1.     In the early morning hours of August 13, 2012 [T.D.] was working as a sex trade worker in the area of King George Boulevard and 91 Avenue in Surrey, British Columbia. She was approached by two men in a gold coloured Chevrolet Cavalier bearing licence plate number 053SXE. The registered owner of that vehicle was Sukhraj Chahal. Mr. Chahal was the driver of the vehicle and the passenger was Simranpreet Dhillon.

2.     The two men asked [T.D.] how much she charged for oral sex. She told them forty dollars. They then negotiated with [T.D.] and agreed upon a price of sixty dollars if she performed oral sex on both men. [T.D.] agreed to this and got into the rear seat of the vehicle.

3.     They drove to an isolated area on Colebrook Road and stopped the vehicle under an overpass. Mr. Chahal got out of the passenger seat and told [T.D.] he was going to wait outside. Mr. Dhillon got into the back seat with [T.D.] and gave her twenty dollars. He told her that Mr. Chahal would give her the rest.

4.     [T.D.] put a condom on Mr. Dhillon and began to perform oral sex on him. While she did this, Mr. Chahal opened the trunk of the vehicle and retrieved an item described by [T.D.] as a sword. Mr. Dhillon opened the rear door and spoke in Punjabi to Mr. Chahal.

5.     When [T.D.] saw the sword she tried to get out of the vehicle. Mr. Dhillon grabbed her by the hair and pulled her back into the vehicle. Mr. Dhillon then told her words to the effect that nobody would be able to hear her scream. He told her that she was going to have sex with both men and then they would take her back.

6.     [T.D.] had given birth five days before this date on August 8, 2012. She told this to Mr. Dhillon. Mr. Dhillon made her take off her underwear and lay down on the back seat.

7.     Mr. Dhillon began having vaginal intercourse with [T.D.]. When he tried to change positions he observed blood on his penis. Upon noticing this he became angry and made [T.D.] clean up the blood. He then turned her over and resumed having sex with her.

8.     [T.D.] observed a vehicle approaching and tried to get out of the car. Mr. Dhillon again grabbed her to prevent her from leaving. He told her not to try something like that again.

9.     When Mr. Dhillon was finished, he took the condom off and threw it out of the window. He left the vehicle and had a brief conversation with Mr. Chahal. Mr. Chahal then got into the rear seat. [T.D.] put a condom on Mr. Chahal and began to perform oral sex on him. Mr. Chahal then also had vaginal sex with [T.D.]. When he was done, he asked for the money that Mr. Dhillon had given her. [T.D.] gave him the twenty dollars.

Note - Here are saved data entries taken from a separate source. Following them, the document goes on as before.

lemma Cons_in_words: "x # w \<in> words a b \<longleftrightarrow>
   (x = LD \<and> 0 < a \<and> w \<in> words (a - 1) b) \<or> (x = ST \<and> 0 < b \<and> w \<in> words a (b - 1))"
proof -
  have "n_loads w \<le> length w" by (rule length_filter_le)
  then show ?thesis unfolding words_def by (cases x) (auto simp del: length_filter_le)
qed

lemma words_0_0: "words 0 0 = {[]}"
  unfolding words_def by auto

lemma words_Suc_Suc:
  "words (Suc a) (Suc b) = (#) LD ` words a (Suc b) \<union> (#) ST ` words (Suc a) b"
proof (rule set_eqI)
  fix w show "w \<in> words (Suc a) (Suc b) \<longleftrightarrow> w \<in> (#) LD ` words a (Suc b) \<union> (#) ST ` words (Suc a) b"
    by (cases w) (auto simp: Cons_in_words, auto simp: words_def)
qed

lemma words_Suc_0: "words (Suc a) 0 = (#) LD ` words a 0"
proof (rule set_eqI)
  fix w show "w \<in> words (Suc a) 0 \<longleftrightarrow> w \<in> (#) LD ` words a 0"
    by (cases w) (auto simp: Cons_in_words, auto simp: words_def)
qed

lemma words_0_Suc: "words 0 (Suc b) = (#) ST ` words 0 b"
proof (rule set_eqI)
  fix w show "w \<in> words 0 (Suc b) \<longleftrightarrow> w \<in> (#) ST ` words 0 b"
    by (cases w) (auto simp: Cons_in_words, auto simp: words_def)
qed

lemma card_words: "card (words a b) = (a + b) choose a"
proof (induction a arbitrary: b)
  case 0
  show ?case by (induction b) (simp_all add: words_0_0 words_0_Suc card_image)
next
  case (Suc a)
  show ?case
  proof (induction b)
    case 0 then show ?case by (simp add: words_Suc_0 card_image Suc.IH)
  next
    case (Suc b)
    have "card (words (Suc a) (Suc b)) = card (words a (Suc b)) + card (words (Suc a) b)"
      unfolding words_Suc_Suc
      by (subst card_Un_disjoint) (auto simp: finite_words card_image)
    then show ?case using Suc.IH Suc.prems \<open>\<And>b. card (words a b) = (a + b) choose a\<close> by simp
  qed
qed

text \<open>The Pascal-like recurrences for the weights: a leading load costs one flip,
  a leading store adds one flip for each of the a loads behind it.\<close>
lemma word_weight_0: "word_weight 0 b = 1"
proof (induction b)
  case 0 then show ?case by (simp add: word_weight_def words_0_0)
next
  case (Suc b)
  have "word_weight 0 (Suc b) = (\<Sum>w\<in>words 0 b. (1/2) ^ flip_cost 1 (ST # w))"
    unfolding word_weight_def words_0_Suc by (subst sum.reindex) auto
  also have "\<dots> = word_weight 0 b" unfolding word_weight_def
    by (rule sum.cong) (auto simp: flip_cost_Suc words_def)
  finally show ?case using Suc by simp
qed

lemma word_weight_Suc_0: "word_weight (Suc a) 0 = 1/2 * word_weight a 0"
proof -
  have "word_weight (Suc a) 0 = (\<Sum>w\<in>words a 0. (1/2) ^ flip_cost 1 (LD # w))"
    unfolding word_weight_def words_Suc_0 by (subst sum.reindex) auto
  also have "\<dots> = 1/2 * word_weight a 0"
    unfolding word_weight_def sum_distrib_left by simp
  finally show ?thesis .
qed

lemma word_weight_Suc_Suc:
  "word_weight (Suc a) (Suc b) = 1/2 * word_weight a (Suc b) + (1/2)^(Suc a) * word_weight (Suc a) b"
proof -
  have "word_weight (Suc a) (Suc b) = (\<Sum>w\<in>(#) LD ` words a (Suc b). (1/2) ^ flip_cost 1 w)
       + (\<Sum>w\<in>(#) ST ` words (Suc a) b. (1/2) ^ flip_cost 1 w)"
    unfolding word_weight_def words_Suc_Suc
    by (rule sum.union_disjoint) (auto simp: finite_words)
  also have "(\<Sum>w\<in>(#) LD ` words a (Suc b). (1/2::real) ^ flip_cost 1 w)
     = 1/2 * word_weight a (Suc b)"
    unfolding word_weight_def sum_distrib_left by (subst sum.reindex) auto
  also have "(\<Sum>w\<in>(#) ST ` words (Suc a) b. (1/2::real) ^ flip_cost 1 w)
     = (1/2)^(Suc a) * word_weight (Suc a) b"
    unfolding word_weight_def sum_distrib_left
    by (subst sum.reindex) (auto intro!: sum.cong simp: flip_cost_Suc words_def power_add)
  finally show ?thesis .
qed

text \<open>The weight bound, first with natural powers of 1/2: the recurrence preserves
  2 h^a - h^((b+1) a) (h = 1/2) because h^(2a+1) dominates h^((b+2)a+1).\<close>
lemma word_weight_lower_bound:
  "word_weight a b \<ge> 2 * (1/2) ^ a - (1/2) ^ ((b + 1) * a)"
proof (induction a arbitrary: b)
  case 0 then show ?case by (simp add: word_weight_0)
next
  case (Suc a)
  note IH_a = Suc.IH
  show ?case
  proof (induction b)
    case 0
    have "word_weight a 0 \<ge> (1/2) ^ a" using IH_a[of 0] by simp
    then show ?case by (simp add: word_weight_Suc_0)
  next
    case (Suc b)
    let ?h = "1/2 :: real"
    have A: "word_weight a (Suc b) \<ge> 2 * ?h ^ a - ?h ^ ((b + 2) * a)"
      using IH_a[of "Suc b"] by simp
    have B: "word_weight (Suc a) b \<ge> ?h ^ a - ?h ^ ((b + 1) * (a + 1))"
      using Suc.IH by simp
    have dominate: "?h ^ ((b + 2) * a + 1) \<le> ?h ^ (2 * a + 1)"
      by (rule power_decreasing) auto
    have e1: "?h ^ Suc a * ?h ^ a = ?h ^ (2 * a + 1)"
      by (simp add: power_add[symmetric] mult_2)
    have e2: "?h ^ Suc a * ?h ^ ((b + 1) * (a + 1)) = ?h ^ ((b + 2) * (a + 1))"
      by (simp add: power_add[symmetric] algebra_simps)
    have "2 * ?h ^ Suc a - ?h ^ ((Suc b + 1) * Suc a)
        \<le> ?h ^ a - ?h ^ ((b + 2) * a + 1) + ?h ^ (2 * a + 1) - ?h ^ ((b + 2) * (a + 1))"
      using dominate by (simp add: algebra_simps)
    also have "\<dots> = 1/2 * (2 * ?h ^ a - ?h ^ ((b + 2) * a))
        + ?h ^ Suc a * (?h ^ a - ?h ^ ((b + 1) * (a + 1)))"
      unfolding right_diff_distrib e1 e2 by simp
    also have "\<dots> \<le> word_weight (Suc a) (Suc b)"
      unfolding word_weight_Suc_Suc using A B by (intro add_mono mult_left_mono) auto
    finally show ?case .
  qed
qed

10.  Mr. Chahal got out of the vehicle. Mr. Dhillon then told her they would not leave her there and would drive her back. However, he told her he would drop her off where he decided. Mr. Dhillon told [T.D.] that when they dropped her off she was not to make any noise or a scene. They all got back into the vehicle and [T.D.] was driven to an area near 124 Street in Surrey.

[L.B.]

11.  On October 18, 2012 at approximately 4:45 a.m., [L.B.] was working as a sex trade worker in the area of City Parkway and 105 Avenue in Surrey, British Columbia. She was approached by two men in a blue four door small sedan. The driver of the vehicle was Simranpreet Dhillon and the passenger was Gurjinder Sodha.

12.  Dhillon and Sodha negotiated sex for $50 dollars each with [L.B.]. The price being agreed to, [L.B.] entered the rear seat of their vehicle and was driven to an area near Mud Bay Park off of Colebrook Road in Surrey, approximately one kilometre from the location of the sex assault against [T.D.].

13.  The vehicle parked at the side of the road by a sign. Mr. Sodha entered the back seat of the vehicle and gave [L.B.] twenty collars. Mr. Sodha and [L.B.] took off their clothes and proceeded to have sex. Mr. Dhillon remained in the front seat. Due to the physical location and the weight of Mr. Sodha on top of her, [L.B.] eventually told Mr. Sodha to stop.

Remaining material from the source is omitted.